**Your assignment**
Please restate the data exactly, from the first line to the last.

**Task data**
- - -

(* Let $\mathbf{X}$ and $\mathbf{Y}$ be Euclidean spaces, let $M\subset\mathbf{Y}$ and $\bar y\in M$, and let $F\colon\mathbf{X}\to\mathbf{Y}$ be a local coordinate system for $M$ around $\bar y$: $F$ is continuously differentiable and its restriction to an open set $U\subset\mathbf{X}$ is a diffeomorphism onto an open neighborhood $V$ of $\bar y$ in $M$. Define $\Phi\colon V\times\mathbf{Y}\to\mathbf{Y}$ by \[ \Phi\big(F(x),y\big) = F(x+s)\quad\text{where } s\in\mathbf{X} \text{ minimizes } |F(x)+\nabla F(x)s-y|, \] for $x\in U$ and $y\in\mathbf{Y}$ (the minimizer $s$ being unique since $\nabla F(x)$ is one-to-one). Then $\Phi$ is a faithful approximation of the projection for the manifold $M$ around $\bar y$.
   Context: $P_M(y)$ denotes the set of nearest points of $M$ to $y$. A faithful approximation of the projection onto $M$ around $\bar y$ is a map $\Phi\colon V\times\mathbf{Y}\to M$, where $V$ is a neighborhood of $\bar y$ in $M$, such that: given any constant $\epsilon>0$ and angle $\alpha>0$, if points $z\in M$ and $y\notin M$ are sufficiently close to $\bar y$, then any point $\hat z\in P_M(y)$ such that the angle between the vectors $z-y$ and $\hat z-y$ is at least $\alpha$ satisfies $|\hat z-\Phi(z,y)|\le\epsilon|y-z|$. *)

theory Defs
  imports "HOL-Analysis.Analysis"
begin

definition nearest_points :: "'b::euclidean_space set \<Rightarrow> 'b \<Rightarrow> 'b set" where
  "nearest_points M y = {z \<in> M. \<forall>w\<in>M. dist y z \<le> dist y w}"

text \<open>Angle between two vectors (used only for nonzero vectors).\<close>
definition vec_angle :: "'b::euclidean_space \<Rightarrow> 'b \<Rightarrow> real" where
  "vec_angle u v = arccos (inner u v / (norm u * norm v))"

definition faithful_approx ::
  "'b::euclidean_space set \<Rightarrow> 'b \<Rightarrow> 'b set \<Rightarrow> ('b \<Rightarrow> 'b \<Rightarrow> 'b) \<Rightarrow> bool" where
  "faithful_approx M ybar V Phi \<longleftrightarrow>
     V \<subseteq> M \<and> ybar \<in> V \<and> (\<exists>W. openin (top_of_set M) W \<and> ybar \<in> W \<and> W \<subseteq> V) \<and>
     (\<forall>\<epsilon>>0. \<forall>\<alpha>>0. \<exists>\<delta>>0. \<forall>z y zh.
        z \<in> M \<and> y \<notin> M \<and> dist z ybar < \<delta> \<and> dist y ybar < \<delta> \<and>
        zh \<in> nearest_points M y \<and> vec_angle (z - y) (zh - y) \<ge> \<alpha>
        \<longrightarrow> norm (zh - Phi z y) \<le> \<epsilon> * norm (y - z))"

end

theory Submission
  imports Defs
begin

- - -

**Task response**
(* Let $\mathbf{X}$ and $\mathbf{Y}$ be Euclidean spaces, let $M\subset\mathbf{Y}$ and $\bar y\in M$, and let $F\colon\mathbf{X}\to\mathbf{Y}$ be a local coordinate system for $M$ around $\bar y$: $F$ is continuously differentiable and its restriction to an open set $U\subset\mathbf{X}$ is a diffeomorphism onto an open neighborhood $V$ of $\bar y$ in $M$. Define $\Phi\colon V\times\mathbf{Y}\to\mathbf{Y}$ by \[ \Phi\big(F(x),y\big) = F(x+s)\quad\text{where } s\in\mathbf{X} \text{ minimizes } |F(x)+\nabla F(x)s-y|, \] for $x\in U$ and $y\in\mathbf{Y}$ (the minimizer $s$ being unique since $\nabla F(x)$ is one-to-one). Then $\Phi$ is a faithful approximation of the projection for the manifold $M$ around $\bar y$.
   Context: $P_M(y)$ denotes the set of nearest points of $M$ to $y$. A faithful approximation of the projection onto $M$ around $\bar y$ is a map $\Phi\colon V\times\mathbf{Y}\to M$, where $V$ is a neighborhood of $\bar y$ in $M$, such that: given any constant $\epsilon>0$ and angle $\alpha>0$, if points $z\in M$ and $y\notin M$ are sufficiently close to $\bar y$, then any point $\hat z\in P_M(y)$ such that the angle between the vectors $z-y$ and $\hat z-y$ is at least $\alpha$ satisfies $|\hat z-\Phi(z,y)|\le\epsilon|y-z|$. *)

theory Defs
  imports "HOL-Analysis.Analysis"
begin

definition nearest_points :: "'b::euclidean_space set \<Rightarrow> 'b \<Rightarrow> 'b set" where
  "nearest_points M y = {z \<in> M. \<forall>w\<in>M. dist y z \<le> dist y w}"

text \<open>Angle between two vectors (used only for nonzero vectors).\<close>
definition vec_angle :: "'b::euclidean_space \<Rightarrow> 'b \<Rightarrow> real" where
  "vec_angle u v = arccos (inner u v / (norm u * norm v))"

definition faithful_approx ::
  "'b::euclidean_space set \<Rightarrow> 'b \<Rightarrow> 'b set \<Rightarrow> ('b \<Rightarrow> 'b \<Rightarrow> 'b) \<Rightarrow> bool" where
  "faithful_approx M ybar V Phi \<longleftrightarrow>
     V \<subseteq> M \<and> ybar \<in> V \<and> (\<exists>W. openin (top_of_set M) W \<and> ybar \<in> W \<and> W \<subseteq> V) \<and>
     (\<forall>\<epsilon>>0. \<forall>\<alpha>>0. \<exists>\<delta>>0. \<forall>z y zh.
        z \<in> M \<and> y \<notin> M \<and> dist z ybar < \<delta> \<and> dist y ybar < \<delta> \<and>
        zh \<in> nearest_points M y \<and> vec_angle (z - y) (zh - y) \<ge> \<alpha>
        \<longrightarrow> norm (zh - Phi z y) \<le> \<epsilon> * norm (y - z))"

end

theory Submission
  imports Defs
begin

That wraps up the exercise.